▶ [Data excerpts]
text \<open>Write \<open>v\<^sub>n\<close>, \<open>v'\<^sub>n\<close> for the ball sizes. They are submultiplicative, so by Fekete's lemma
  \<open>ln v\<^sub>n / n \<rightarrow> ln a\<close> and \<open>ln v'\<^sub>n / n \<rightarrow> ln a'\<close>. Let \<open>s r\<close> be the least radius with
  \<open>v'\<^bsub>s r\<^esub> \<ge> v\<^sub>r\<close>; as \<open>v'\<^bsub>t+1\<^esub> \<le> v'\<^sub>1 v'\<^sub>t\<close>, this gives \<open>v\<^sub>r \<le> v'\<^bsub>s r\<^esub> \<le> v'\<^sub>1 v\<^sub>r\<close>, and
  comparing logarithms gives \<open>s r / r \<rightarrow> c\<close>. The error \<open>e r = s r - c r\<close> is thus \<open>o(r)\<close>, but \<open>s\<close>
  itself may be irregular. Interpolating \<open>e\<close> linearly between very sparse knots \<open>r\<^sub>j\<close> gives \<open>g\<close>
  with \<open>g r\<^sub>j = e r\<^sub>j\<close> whose increments tend to \<open>0\<close> and stay above \<open>-c\<close>. Then
  \<open>f n = \<lfloor>c n + g n\<rfloor>\<close> is non-decreasing, equals \<open>s\<close> at the knots, and
  \<open>\<bar>f (n + m) - f n - c m\<bar> \<le> 1\<close> once \<open>g (n + m) - g n\<close> is small enough.\<close>

definition word_eval :: "('a, 'b) monoid_scheme \<Rightarrow> 'a list \<Rightarrow> 'a" where
  "word_eval G ws = foldr (\<lambda>u y. u \<otimes>\<^bsub>G\<^esub> y) ws \<one>\<^bsub>G\<^esub>"

lemma word_eval_Nil [simp]: "word_eval G [] = \<one>\<^bsub>G\<^esub>"
  and word_eval_Cons [simp]: "word_eval G (u # ws) = u \<otimes>\<^bsub>G\<^esub> word_eval G ws"
  by (simp_all add: word_eval_def)

lemma word_ball_eq_image:
  "word_ball G S n = word_eval G ` {ws. set ws \<subseteq> S \<union> m_inv G ` S \<and> length ws \<le> n}"
  unfolding word_ball_def word_eval_def by blast

lemma word_ball_0: "word_ball G S 0 = {\<one>\<^bsub>G\<^esub>}"
  by (auto simp: word_ball_eq_image)

lemma ball_card_0: "ball_card G S 0 = 1"
  by (simp add: ball_card_def word_ball_0)

lemma word_ball_mono: "m \<le> n \<Longrightarrow> word_ball G S m \<subseteq> word_ball G S n"
  unfolding word_ball_eq_image by auto

context group
begin

lemma word_eval_closed: "set ws \<subseteq> carrier G \<Longrightarrow> word_eval G ws \<in> carrier G"
  by (induction ws) auto

lemma word_eval_append:
  "set ws \<subseteq> carrier G \<Longrightarrow> set vs \<subseteq> carrier G
    \<Longrightarrow> word_eval G (ws @ vs) = word_eval G ws \<otimes> word_eval G vs"
  by (induction ws) (auto simp: word_eval_closed m_assoc)

lemma letters_subset_carrier: "fin_gen_set G S \<Longrightarrow> S \<union> m_inv G ` S \<subseteq> carrier G"
  by (auto simp: fin_gen_set_def)

lemma finite_word_ball:
  assumes "fin_gen_set G S"
  shows "finite (word_ball G S n)"
  unfolding word_ball_eq_image
proof (intro finite_imageI finite_lists_length_le)
  show "finite (S \<union> m_inv G ` S)" using assms by (simp add: fin_gen_set_def)
qed

lemma ball_card_pos: "fin_gen_set G S \<Longrightarrow> 1 \<le> ball_card G S n"
  using finite_word_ball word_ball_mono[of 0 n G S]
  by (fastforce simp: ball_card_def word_ball_0 Suc_le_eq card_gt_0_iff)

lemma mono_ball_card: "fin_gen_set G S \<Longrightarrow> mono (ball_card G S)"
  by (intro monoI) (simp add: ball_card_def card_mono finite_word_ball word_ball_mono)

lemma word_ball_add_subset:
  assumes "fin_gen_set G S"
  shows "word_ball G S (m + n) \<subseteq> (\<lambda>(x, y). x \<otimes> y) ` (word_ball G S m \<times> word_ball G S n)"
proof
  fix x assume "x \<in> word_ball G S (m + n)"
  then obtain ws where ws: "set ws \<subseteq> S \<union> m_inv G ` S" "length ws \<le> m + n" "x = word_eval G ws"
    by (auto simp: word_ball_eq_image)
  have letters: "set (take m ws) \<subseteq> S \<union> m_inv G ` S" "set (drop m ws) \<subseteq> S \<union> m_inv G ` S"
    using ws(1) set_take_subset set_drop_subset by fast+
  with letters_subset_carrier[OF assms] have "x = word_eval G (take m ws) \<otimes> word_eval G (drop m ws)"
    using ws(3) word_eval_append[of "take m ws" "drop m ws"] by auto
  moreover have "word_eval G (take m ws) \<in> word_ball G S m" "word_eval G (drop m ws) \<in> word_ball G S n"
    using letters ws(2) by (auto simp: word_ball_eq_image)
  ultimately show "x \<in> (\<lambda>(x, y). x \<otimes> y) ` (word_ball G S m \<times> word_ball G S n)"
    by force
qed

lemma ball_card_add_le:
  assumes "fin_gen_set G S"
  shows "ball_card G S (m + n) \<le> ball_card G S m * ball_card G S n"
proof -
  have fin: "finite (word_ball G S m \<times> word_ball G S n)"
    using finite_word_ball[OF assms] by blast
  have "ball_card G S (m + n) \<le> card ((\<lambda>(x, y). x \<otimes> y) ` (word_ball G S m \<times> word_ball G S n))"
    unfolding ball_card_def using fin by (intro card_mono word_ball_add_subset assms) auto
  also have "\<dots> \<le> card (word_ball G S m \<times> word_ball G S n)"
    using fin by (rule card_image_le)
  finally show ?thesis by (simp add: ball_card_def card_cartesian_product)
qed

end

lemma subadditive_iterate:
  fixes u :: "nat \<Rightarrow> real"
  assumes sub: "\<And>m n. u (m + n) \<le> u m + u n"
  shows "u (q * k + r) \<le> real q * u k + u r"
proof (induction q)
  case (Suc q)
  have "u (Suc q * k + r) \<le> u k + u (q * k + r)"
    using sub[of k "q * k + r"] by (simp add: add.assoc)
  with Suc show ?case by (simp add: algebra_simps)
qed simp

lemma subadditive_quotient_le:
  fixes u :: "nat \<Rightarrow> real"
  assumes nonneg: "\<And>n. 0 \<le> u n" and sub: "\<And>m n. u (m + n) \<le> u m + u n"
    and "0 < k" "0 < n"
  shows "u n / n \<le> u k / k + (\<Sum>i<k. u i) / n"
proof -
  have "u n \<le> real (n div k) * u k + u (n mod k)"
    using subadditive_iterate[OF sub, of "n div k" k "n mod k"] by simp
  also have "real (n div k) * u k \<le> real n / real k * u k"
    by (intro mult_right_mono of_nat_div_le_of_nat nonneg)
  also have "u (n mod k) \<le> (\<Sum>i<k. u i)"
    using \<open>0 < k\<close> by (intro member_le_sum nonneg) auto
  finally show ?thesis
    using \<open>0 < n\<close> by (simp add: field_simps)
qed

lemma fekete_subadditive:
  fixes u :: "nat \<Rightarrow> real"
  assumes nonneg: "\<And>n. 0 \<le> u n" and sub: "\<And>m n. u (m + n) \<le> u m + u n"
  shows "(\<lambda>n. u n / n) \<longlonglongrightarrow> (INF n\<in>{1..}. u n / n)"
proof -
  let ?L = "INF n\<in>{1..}. u n / n"
  have bdd: "bdd_below ((\<lambda>n. u n / n) ` {1..})"
    by (rule bdd_belowI[of _ 0]) (auto simp: nonneg)
  show ?thesis
  proof (rule order_tendstoI)
    fix a
    assume "a < ?L"
    have "?L \<le> u n / n" if "n \<ge> 1" for n
      using that by (intro cINF_lower bdd) auto
    with \<open>a < ?L\<close> show "\<forall>\<^sub>F n in sequentially. a < u n / n"
      by (intro eventually_mono[OF eventually_ge_at_top[of 1]]) (auto intro: less_le_trans)
  next
    fix a
    assume "?L < a"
    then obtain k where k: "k \<ge> 1" "u k / k < a"
      by (subst (asm) cINF_less_iff[OF _ bdd]) auto
    have "(\<lambda>n. (\<Sum>i<k. u i) / real n) \<longlonglongrightarrow> 0"
      by (rule lim_const_over_n)
    then have "\<forall>\<^sub>F n in sequentially. (\<Sum>i<k. u i) / n < a - u k / k"
      using k(2) by (intro order_tendstoD(2)) auto
    then show "\<forall>\<^sub>F n in sequentially. u n / n < a"
      using eventually_ge_at_top[of 1]
    proof eventually_elim
      case (elim n)
      have "u n / n \<le> u k / k + (\<Sum>i<k. u i) / n"
        using elim k(1) by (intro subadditive_quotient_le[OF nonneg sub]) auto
      with elim show ?case
        by linarith
    qed
  qed
qed

lemma submultiplicative_ln_rate:
  fixes v :: "nat \<Rightarrow> nat"
  assumes pos: "\<And>n. 1 \<le> v n" and submult: "\<And>m n. v (m + n) \<le> v m * v n"
  shows "(\<lambda>n. ln (v n) / n) \<longlonglongrightarrow> ln (lim (\<lambda>n. root n (v n)))"
proof -
  define L where "L = (INF n\<in>{1..}. ln (real (v n)) / n)"
  have "ln (v (m + n)) \<le> ln (v m) + ln (v n)" for m n
  proof -
    have "real (v (m + n)) \<le> real (v m) * real (v n)"
      by (metis submult of_nat_le_iff of_nat_mult)
    then have "ln (v (m + n)) \<le> ln (real (v m) * real (v n))"
      using pos[of "m + n"] by (intro ln_mono) auto
    then show ?thesis
      using pos[of m] pos[of n] by (simp add: ln_mult)
  qed
  then have lim: "(\<lambda>n. ln (v n) / n) \<longlonglongrightarrow> L"
    unfolding L_def by (intro fekete_subadditive) (use pos in auto)
  have "(\<lambda>n. root n (v n)) \<longlonglongrightarrow> exp L"
  proof (rule Lim_transform_eventually)
    show "(\<lambda>n. exp (ln (v n) / n)) \<longlonglongrightarrow> exp L"
      by (intro tendsto_exp lim)
    show "\<forall>\<^sub>F n in sequentially. exp (ln (v n) / n) = root n (v n)"
      using eventually_gt_at_top[of 0]
      by eventually_elim (use pos in \<open>simp add: Suc_le_eq root_powr_inverse powr_def\<close>)
  qed
  then have "lim (\<lambda>n. root n (v n)) = exp L"
    by (rule limI)
  with lim show ?thesis
    by simp
qed

lemma (in group) ln_ball_card_rate:
  assumes "fin_gen_set G S"
  shows "(\<lambda>n. ln (ball_card G S n) / n) \<longlonglongrightarrow> ln (growth_rate G S)"
  unfolding growth_rate_def
  using ball_card_pos[OF assms] ball_card_add_le[OF assms] by (rule submultiplicative_ln_rate)

lemma ln_rate_pos_imp_unbounded:
  fixes w :: "nat \<Rightarrow> nat"
  assumes pos: "\<And>n. 1 \<le> w n" and rate: "(\<lambda>n. ln (w n) / n) \<longlonglongrightarrow> \<gamma>" and "0 < \<gamma>"
  shows "filterlim (\<lambda>n. real (w n)) at_top sequentially"
proof (rule filterlim_at_top_mono)
  show "filterlim (\<lambda>n. ln (w n) / n * n) at_top sequentially"
    by (rule filterlim_tendsto_pos_mult_at_top[OF rate \<open>0 < \<gamma>\<close> filterlim_real_sequentially])
  have "ln (w n) / n * n \<le> w n" for n
    using ln_le_minus_one[of "w n"] pos[of n] by (cases "n = 0") auto
  then show "\<forall>\<^sub>F n in sequentially. ln (w n) / n * n \<le> w n"
    by simp
qed

lemma ln_rate_pos_reaches:
  fixes w :: "nat \<Rightarrow> nat"
  assumes "\<And>n. 1 \<le> w n" and "(\<lambda>n. ln (w n) / n) \<longlonglongrightarrow> \<gamma>" and "0 < \<gamma>"
  shows "\<exists>t. x \<le> w t"
proof -
  have "\<forall>\<^sub>F t in sequentially. real x \<le> w t"
    using ln_rate_pos_imp_unbounded[OF assms] unfolding filterlim_at_top by blast
  then obtain t where "real x \<le> w t"
    using eventually_happens'[OF sequentially_bot] by blast
  then show ?thesis
    by auto
qed

lemma ln_rate_bounded_ratio:
  fixes u v :: "nat \<Rightarrow> nat"
  assumes pos: "\<And>n. 1 \<le> v n" and lower: "\<And>n. v n \<le> u n" and upper: "\<And>n. u n \<le> K * v n"
    and rate: "(\<lambda>n. ln (v n) / n) \<longlonglongrightarrow> \<alpha>"
  shows "(\<lambda>n. ln (u n) / n) \<longlonglongrightarrow> \<alpha>"
proof -
  have gap: "0 \<le> ln (u n) - ln (v n)" "ln (u n) - ln (v n) \<le> ln K" for n
  proof -
    have le: "real (v n) \<le> real (u n)" "real (u n) \<le> real K * real (v n)"
      by (metis lower of_nat_le_iff) (metis upper of_nat_le_iff of_nat_mult)
    have "K \<noteq> 0"
      using pos[of n] lower[of n] upper[of n] by (cases K) auto
    show "0 \<le> ln (u n) - ln (v n)"
      using le pos[of n] by simp
    have "ln (u n) \<le> ln (real K * real (v n))"
      using le pos[of n] lower[of n] by (intro ln_mono) auto
    then show "ln (u n) - ln (v n) \<le> ln K"
      using \<open>K \<noteq> 0\<close> pos[of n] by (simp add: ln_mult)
  qed
  have "(\<lambda>n. (ln (u n) - ln (v n)) / n) \<longlonglongrightarrow> 0"
  proof (rule tendsto_sandwich[where f = "\<lambda>_. 0 :: real" and h = "\<lambda>n. ln (real K) / real n"])
    show "\<forall>\<^sub>F n in sequentially. 0 \<le> (ln (u n) - ln (v n)) / n"
      using gap by simp
    show "\<forall>\<^sub>F n in sequentially. (ln (u n) - ln (v n)) / n \<le> ln K / n"
      using gap by (simp add: divide_right_mono)
  qed (auto intro: lim_const_over_n)
  from tendsto_add[OF rate this] show ?thesis
    by (simp add: diff_divide_distrib)
qed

▶ [Assigned task]
Each line from the top of the entries above through the line containing "comparing logarithms gives" must be transcribed exactly, and no other line may appear.

▶ [Result for this exercise]
text \<open>Write \<open>v\<^sub>n\<close>, \<open>v'\<^sub>n\<close> for the ball sizes. They are submultiplicative, so by Fekete's lemma
  \<open>ln v\<^sub>n / n \<rightarrow> ln a\<close> and \<open>ln v'\<^sub>n / n \<rightarrow> ln a'\<close>. Let \<open>s r\<close> be the least radius with
  \<open>v'\<^bsub>s r\<^esub> \<ge> v\<^sub>r\<close>; as \<open>v'\<^bsub>t+1\<^esub> \<le> v'\<^sub>1 v'\<^sub>t\<close>, this gives \<open>v\<^sub>r \<le> v'\<^bsub>s r\<^esub> \<le> v'\<^sub>1 v\<^sub>r\<close>, and
  comparing logarithms gives \<open>s r / r \<rightarrow> c\<close>. The error \<open>e r = s r - c r\<close> is thus \<open>o(r)\<close>, but \<open>s\<close>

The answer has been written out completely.